Opinion: When Small Businesses Defended the US’s Constitutional Order

June 9, 2026

Sara Albrecht | June 9, 2026

(FDI Intelligence)

It has become fashionable, especially outside the US, to question whether American democracy still works. I understand why. Our politics are loud, our institutions are tested constantly and our disagreements often spill into public view in ways that can look chaotic, even alarming. But sometimes what looks like dysfunction is actually the system doing exactly what it was designed to do.

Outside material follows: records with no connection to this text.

lemma pseries_second_order_sums:
  assumes "poly_bounded c" "\<bar>x\<bar> < 1"
  shows "(\<lambda>n. ((real n + 2) * (real n + 1) * c (n + 2) + (real n + 1)^2 * c n) * x^n) sums
      ((1 + x^2) * pseries (diffs (diffs c)) x + 3 * x * pseries (diffs c) x + pseries c x)"
proof -
  have c': "poly_bounded (diffs c)"
    using assms(1) by (rule poly_bounded_diffs)
  then have c'': "poly_bounded (diffs (diffs c))"
    by (rule poly_bounded_diffs)
  have "(\<lambda>n. real (Suc n) * c (Suc n) * x^Suc n) sums (x * pseries (diffs c) x)"
    using sums_mult[OF pseries_sums[OF c' assms(2)], of x] by (simp add: diffs_def mult_ac)
  then have s1: "(\<lambda>n. real n * c n * x^n) sums (x * pseries (diffs c) x)"
    by (subst (asm) sums_Suc_iff) simp
  have "(\<lambda>n. real (Suc (Suc n)) * real (Suc n) * c (Suc (Suc n)) * x^Suc (Suc n))
      sums (x^2 * pseries (diffs (diffs c)) x)"
    using sums_mult[OF pseries_sums[OF c'' assms(2)], of "x^2"]
    by (simp add: diffs_def power2_eq_square mult_ac)
  then have s2: "(\<lambda>n. real n * (real n - 1) * c n * x^n) sums (x^2 * pseries (diffs (diffs c)) x)"
    using sums_Suc_iff[of "\<lambda>n. real n * (real n - 1) * c n * x^n"]
      sums_Suc_iff[of "\<lambda>n. real (Suc n) * real n * c (Suc n) * x^Suc n"]
    by simp
  have "(\<lambda>n. diffs (diffs c) n * x^n + (real n * (real n - 1) * c n * x^n
       + (3 * (real n * c n * x^n) + c n * x^n))) sums
      (pseries (diffs (diffs c)) x + (x^2 * pseries (diffs (diffs c)) x
       + (3 * (x * pseries (diffs c) x) + pseries c x)))"
    by (intro sums_add sums_mult s1 s2 pseries_sums c'' assms)
  moreover have "diffs (diffs c) n * x^n + (real n * (real n - 1) * c n * x^n
       + (3 * (real n * c n * x^n) + c n * x^n))
      = ((real n + 2) * (real n + 1) * c (n + 2) + (real n + 1)^2 * c n) * x^n" for n
  proof -
    have "diffs (diffs c) n = (real n + 2) * (real n + 1) * c (n + 2)"
      by (simp add: diffs_def algebra_simps)
    then show ?thesis
      by (simp add: power2_eq_square algebra_simps)
  qed
  moreover have "pseries (diffs (diffs c)) x + (x^2 * pseries (diffs (diffs c)) x
       + (3 * (x * pseries (diffs c) x) + pseries c x))
      = (1 + x^2) * pseries (diffs (diffs c)) x + 3 * x * pseries (diffs c) x + pseries c x"
    by (simp add: algebra_simps)
  ultimately show ?thesis
    by (simp only:)
qed

lemma has_field_derivative_0_unit_interval_imp_0:
  fixes g :: "real \<Rightarrow> real"
  assumes "\<And>x. \<bar>x\<bar> < 1 \<Longrightarrow> (g has_field_derivative 0) (at x)" and "g 0 = 0" and "\<bar>t\<bar> < 1"
  shows "g t = 0"
proof -
  have "\<exists>K. \<forall>x\<in>{-1<..<1}. g x = K"
    using assms(1) by (intro has_field_derivative_zero_constant convex_real_interval)
      (auto simp: abs_less_iff has_field_derivative_at_within)
  then show ?thesis
    using assms(2,3) by (force simp: abs_less_iff)
qed

section \<open>The polynomials prod_{j<N} (x + N - 1 - 2 j)\<close>

definition arsinh_gen_poly :: "nat \<Rightarrow> real poly" where
  "arsinh_gen_poly N = (\<Prod>j<N. [: real N - 1 - 2 * real j, 1 :])"

lemma arsinh_gen_poly_Suc_Suc:
  "arsinh_gen_poly (Suc (Suc N)) = [: - ((real N + 1)^2), 0, 1 :] * arsinh_gen_poly N"
proof (rule poly_ext)
  fix a :: real
  have "poly (arsinh_gen_poly (Suc (Suc N))) a = (\<Prod>j<Suc (Suc N). a + (real N + 1 - 2 * real j))"
    unfolding arsinh_gen_poly_def by (simp add: poly_prod algebra_simps)
  also have "\<dots> = (\<Prod>j<Suc N. a + (real N + 1 - 2 * real (Suc j))) * (a + (real N + 1))"
    by (subst prod.lessThan_Suc_shift) simp
  also have "\<dots> = (\<Prod>j<N. a + (real N + 1 - 2 * real (Suc j)))
      * (a - (real N + 1)) * (a + (real N + 1))"
    by (simp add: algebra_simps)
  also have "(\<Prod>j<N. a + (real N + 1 - 2 * real (Suc j))) = poly (arsinh_gen_poly N) a"
    unfolding arsinh_gen_poly_def by (simp add: poly_prod algebra_simps)
  finally show "poly (arsinh_gen_poly (Suc (Suc N))) a
      = poly ([: - ((real N + 1)^2), 0, 1 :] * arsinh_gen_poly N) a"
    by (simp add: algebra_simps power2_eq_square)
qed
lemma tail_integrand_le_of_ge_one:
  fixes m N p d x t a b :: real
  defines "e \<equiv> (N + p + 1) / m - 1"
  assumes m: "m > 0" and p: "p \<ge> 0" and x: "x > 0" and t: "1 \<le> t" "1 \<le> x * t"
    and a: "a \<ge> 0" and b: "b \<ge> 0" and d: "0 \<le> d" "d \<le> m"
  shows "x powr (- p) * (x * t powr N)
      * exp (- (x powr (2 * m)) / 2 + a * x powr d) * exp (- (t powr (2 * m)) / 2 + b * t powr d)
    \<le> exp (1 / 2) * (4 * 2 powr \<bar>e\<bar> * exp (\<bar>e\<bar>\<^sup>2)) / m * (1 + b) powr e * exp (a\<^sup>2 / 2 + b\<^sup>2 / 2)
      * (m * x * t powr (m - 1) / (1 + (t powr m - b)\<^sup>2))"
proof -
  define M where "M = 4 * 2 powr \<bar>e\<bar> * exp (\<bar>e\<bar>\<^sup>2)"
  define G where "G = exp (a\<^sup>2 / 2 + b\<^sup>2 / 2)"
  have "1 / x \<le> t"
    using t x by (simp add: divide_le_eq mult.commute)
  then have "(1 / x) powr p \<le> t powr p"
    using x p by (intro powr_mono2) auto
  then have xp: "x powr (- p) \<le> t powr p"
    using x by (simp add: powr_minus_divide powr_divide)
  have "m - 1 + m * e = N + p"
    using m by (simp add: e_def field_simps)
  then have Np: "t powr N * t powr p = t powr (m - 1 + m * e)"
    by (simp add: powr_add)
  have "x powr (- p) * (x * t powr N)
      * exp (- (x powr (2 * m)) / 2 + a * x powr d) * exp (- (t powr (2 * m)) / 2 + b * t powr d)
    \<le> t powr p * (x * t powr N)
      * exp (- (x powr (2 * m)) / 2 + a * x powr d) * exp (- (t powr (2 * m)) / 2 + b * t powr d)"
    using xp x t by (intro mult_right_mono) auto
  also have "\<dots> = x * exp (- (x powr (2 * m)) / 2 + a * x powr d)
      * (t powr (m - 1 + m * e) * exp (- (t powr (2 * m)) / 2 + b * t powr d))"
    unfolding Np[symmetric] by (simp add: mult_ac)
  also have "\<dots> \<le> x * exp (a\<^sup>2 / 2 + 1 / 2)
      * (M * exp (b\<^sup>2 / 2) * (1 + b) powr e * (t powr (m - 1) / (1 + (t powr m - b)\<^sup>2)))"
  proof -
    have expA: "exp (- (x powr (2 * m)) / 2 + a * x powr d) \<le> exp (a\<^sup>2 / 2 + 1 / 2)"
      using neg_half_powr_add_le[OF x a d] by simp
    have gauss: "t powr (m - 1 + m * e) * exp (- (t powr (2 * m)) / 2 + b * t powr d)
        \<le> M * exp (b\<^sup>2 / 2) * (1 + b) powr e * (t powr (m - 1) / (1 + (t powr m - b)\<^sup>2))"
      using powr_exp_gaussian_le[OF t(1) m d b] by (simp add: M_def)
    show ?thesis
      by (rule mult_mono[OF mult_left_mono[OF expA] gauss]) (use x t in auto)
  qed
  also have "\<dots> = (exp (a\<^sup>2 / 2 + 1 / 2) * exp (b\<^sup>2 / 2))
      * (M * (1 + b) powr e * (x * (t powr (m - 1) / (1 + (t powr m - b)\<^sup>2))))"
    by (simp only: mult_ac)
  also have "exp (a\<^sup>2 / 2 + 1 / 2) * exp (b\<^sup>2 / 2) = exp (1 / 2) * G"
    by (simp add: G_def mult_exp_exp algebra_simps)
  also have "exp (1 / 2) * G * (M * (1 + b) powr e * (x * (t powr (m - 1) / (1 + (t powr m - b)\<^sup>2))))
      = exp (1 / 2) * M / m * (1 + b) powr e * G * (m * x * t powr (m - 1) / (1 + (t powr m - b)\<^sup>2))"
    using m by (simp add: field_simps)
  finally show ?thesis
    by (simp only: G_def M_def)
qed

That is what happened when small businesses challenged the recent tariff schemes imposed under the International Emergency Economic Powers Act and Section 122 of the Trade Act. For much of the world, the US’s tariff battles have been viewed through the lens of geopolitics, global markets and presidential power. But behind the headlines is a simpler, more human story: small business owners stood up to the federal government and said it did not have the power to do this. And the courts agreed.

These were not multinational corporations with armies of lawyers and endless cash reserves. They were family businesses, importers, manufacturers, retailers and entrepreneurs. They were people trying to keep their shelves stocked, their employees paid and their companies alive. For many of them, the tariffs were not an abstract policy debate. They were bills they could not afford, imposed without the constitutional authority Congress is required to provide.

Democratic government is not supposed to be frictionless. The point is not to avoid conflict. The point is to resolve conflict through law rather than raw power
The US’s founders gave Congress — not the president — the power to impose taxes and tariffs. They did so deliberately. They had lived under concentrated executive power, and they built a system meant to prevent it from returning in another form. The US constitution was not written for easy moments. It was written for conflict: for moments when presidents, Congress, courts and citizens disagree over where power begins and where it ends.

That is exactly what happened here. The president claimed broad authority. Small businesses challenged him. The courts reviewed the law and said ‘no’: emergency powers are not blank cheques and the constitution still sets the rules. For anyone wondering whether American democracy still works, this is an answer. It worked. Not perfectly, not quickly and not quietly. But it worked. Ordinary citizens were able to take the federal government to court. Judges were able to review the president’s actions. And the Constitution was enforced.

That may look messy from abroad. Frankly, it often feels messy here at home. But democratic government is not supposed to be frictionless. The point is not to avoid conflict. The point is to resolve conflict through law rather than raw power.

Uniquely American
There is another uncomfortable part of this story. Many large corporations stayed quiet. Some could absorb the tariff costs, some passed them on to consumers and some waited to see who would win. And now, many stand to benefit from the legal ground that smaller businesses helped clear. That raises a question worth asking: what responsibility comes with that benefit?

Free markets do not defend themselves, and neither do constitutional limits. They depend on people and institutions willing to stand up to the government when it exceeds its lawful authority. In this case, much of that burden fell on small businesses.

As the US approaches its 250th anniversary, that feels especially fitting. This country was not built only by presidents, generals and wealthy institutions. It was built by farmers, merchants, tradesmen, printers, craftsmen and small business owners: people who knew that liberty required vigilance. Their modern counterparts are still doing that work.

There is something uniquely American about a small company being able to walk into court and challenge unlawful action by the most powerful office in the world. That is not a defect in our system. It is the best of our system.

The lesson from these tariff cases is not that US leaders never over-reach. Of course they do. The lesson is that Americans still have the tools to stop them when they do. And this time, small businesses and a small non-profit picked up those tools and used them.